EX-3.4 3 cmw1501b.htm BY-LAWS OF COMPACT EQUIPMENT

BYLAWS OF

COMPACT EQUIPMENT ATTACHMENTS INC.

A Wisconsin Corporation

        1.     The number of directors of this corporation shall be four (4).

        2.     The annual meeting of the shareholder(s) and the directors shall be held each year on the third Thursday in the month of April (the “Annual Meeting Date”), or on such date within thirty (30) days before or after the Annual Meeting Date as may be fixed by or under the authority of the Board of Directors (the “Board”). The time and place of the annual meeting shall be such as shall be fixed by the Secretary and specified in the Notice or Waiver of Notice of such meeting.

        3.     Regular or special meetings of the shareholder(s) or directors may be held upon seventy-two (72) hours prior notice given in person or by telegraphing or depositing the same in the mail, addressed to each director at his address as set forth in the records of the corporation.

        4.     Notice of any meeting of the shareholder(s) or the directors may be waived, and actions by the shareholder(s) or the directors may be taken by unanimous written consent without a meeting, as provided by Sections 180.0704 and 180.0821 of the Wisconsin Statutes.

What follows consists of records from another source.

lemma weyl_remainder_le:
  "\<exists>c>0. \<exists>K\<ge>0. \<forall>t u. t \<noteq> 0 \<longrightarrow> \<bar>t\<bar> \<le> 1 \<longrightarrow>
     (cmod ((weyl s J ((sqrt 2 * t) *\<^sub>R x) fT u - fT u) / of_real t - \<i> * (- \<i> * A x u * fT u)))\<^sup>2
       * exp (- (1/2) * s u (J u)) \<le> t\<^sup>2 * K * exp (- c * (norm u)\<^sup>2)"
proof -
  obtain c where c: "c > 0" "\<And>u. (cmod (fT u))\<^sup>2 * exp (- (1/2) * s u (J u)) \<le> exp (- c * (norm u)\<^sup>2)"
    using gaussian_weighted_decay by blast
  obtain a where a: "\<And>u. cmod (A x u) \<le> a * norm u"
    using linear_bounded_pos[OF linear_A] by blast
  define b where "b = cmod (B x)"
  define K where "K = (4 + b)\<^sup>2 * exp (4 * b) * exp ((4 * a)\<^sup>2 / (2 * c))"
  have "(cmod ((weyl s J ((sqrt 2 * t) *\<^sub>R x) fT u - fT u) / of_real t - \<i> * (- \<i> * A x u * fT u)))\<^sup>2
      * exp (- (1/2) * s u (J u)) \<le> t\<^sup>2 * K * exp (- (c / 2) * (norm u)\<^sup>2)"
    if "t \<noteq> 0" "\<bar>t\<bar> \<le> 1" for t u
  proof -
    define Q where "Q = (exp (of_real t * A x u + (of_real t)\<^sup>2 * B x) - 1) / of_real t - A x u"
    have remainder: "(weyl s J ((sqrt 2 * t) *\<^sub>R x) fT u - fT u) / of_real t - \<i> * (- \<i> * A x u * fT u)
        = fT u * Q"
      unfolding weyl_gaussian Q_def by (simp add: algebra_simps diff_divide_distrib)
    have "cmod Q \<le> \<bar>t\<bar> * (4 + b) * exp (2 * (cmod (A x u) + b))"
      unfolding Q_def b_def using that by (rule norm_exp_quadratic_quotient_le)
    also have "\<dots> \<le> \<bar>t\<bar> * (4 + b) * exp (2 * (a * norm u + b))"
      using a[of u] by (intro mult_left_mono) (simp_all add: b_def)
    finally have "(cmod Q)\<^sup>2 \<le> (\<bar>t\<bar> * (4 + b) * exp (2 * (a * norm u + b)))\<^sup>2"
      by (intro power_mono) auto
    also have "\<dots> = t\<^sup>2 * (4 + b)\<^sup>2 * exp (4 * b) * exp (4 * a * norm u)"
      by (simp add: power_mult_distrib power2_abs flip: exp_add exp_of_nat_mult)
    finally have "(cmod Q)\<^sup>2 * ((cmod (fT u))\<^sup>2 * exp (- (1/2) * s u (J u)))
        \<le> t\<^sup>2 * (4 + b)\<^sup>2 * exp (4 * b) * exp ((4 * a)\<^sup>2 / (2 * c)) * exp (- (c / 2) * (norm u)\<^sup>2)"
      using c(1) c(2)[of u] by (intro gaussian_absorbs_exp_linear) simp_all
    then show ?thesis
      unfolding remainder K_def by (simp add: norm_mult power_mult_distrib mult_ac)
  qed
  moreover have "K \<ge> 0"
    by (simp add: K_def)
  ultimately show ?thesis
    using c(1) by (intro exI[of _ "c / 2"] exI[of _ K] conjI allI impI) simp_all
qed

lemma has_phi_gaussian: "has_phi s J x fT (\<lambda>u. - \<i> * A x u * fT u)"
proof -
  obtain c K where "c > 0" "K \<ge> 0" and bound: "\<And>t u. t \<noteq> 0 \<Longrightarrow> \<bar>t\<bar> \<le> 1 \<Longrightarrow>
     (cmod ((weyl s J ((sqrt 2 * t) *\<^sub>R x) fT u - fT u) / of_real t - \<i> * (- \<i> * A x u * fT u)))\<^sup>2
       * exp (- (1/2) * s u (J u)) \<le> t\<^sup>2 * K * exp (- c * (norm u)\<^sup>2)"
    using weyl_remainder_le by blast
  show ?thesis
    unfolding has_phi_def
    by (intro conjI gaussian_in_fock_space phi_gaussian_in_fock_space
        fock_norm2_tendsto_zero[OF \<open>c > 0\<close> \<open>K \<ge> 0\<close>] bound)
qed

lemma has_a_gaussian_eq_0:
  assumes "K w - T (K w) = J (w - T w)"
  shows "has_a s J K w fT (\<lambda>u. 0)"
  unfolding has_a_def
proof (intro exI conjI allI)
  show "has_phi s J w fT (\<lambda>u. - \<i> * A w u * fT u)"
    and "has_phi s J (K w) fT (\<lambda>u. - \<i> * A (K w) u * fT u)"
    by (rule has_phi_gaussian)+
  have "A (K w) u = \<i> * A w u" for u
    by (simp add: A_def assms herm_J_right)
  then show "0 = (- \<i> * A w u * fT u + \<i> * (- \<i> * A (K w) u * fT u)) / 2" for u
    by (simp add: algebra_simps)
qed

end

        5.     The principal officers of the corporation shall be a President, the number of Vice Presidents as may be determined from time to time by the Board; a Secretary and a Treasurer; each of whom shall be elected by the Board. Such other officers and assistant officers as may be deemed necessary may be elected or appointed by the Board. Any two or more offices may be held by the same person, except the offices of President and Secretary and the offices of President and Vice President. The duties of each officer shall be such as usually pertain to the officer’s respective office and such as the Board may prescribe. The Board may delegate the duties of any officer to any other officer or to any assistant officer or other person designated by the Board for that purpose.

        6.     The Board may authorize any officer or officers, agent or agents, to enter into any contract or execute or deliver any instrument in the name of and on behalf of the corporation, and such authorization may be general or confirmed to specific instances. In the absence of specific designation, all instruments, including deeds, notes, mortgages, instruments of assignment, pledges, contracts, agreements or other documents made by the corporation shall be executed in the name of the corporation by the President or one of the Vice Presidents. When any document is executed by any one of the above designated officers, no other party to such instrument or any third party shall be required to make any inquiry into the authority of the signing officer to execute such document on behalf of the corporation. Such execution by said officer shall be the act of the corporation and shall be binding upon it.

        7.     These Bylaws may be amended by the Board or by the shareholder(s).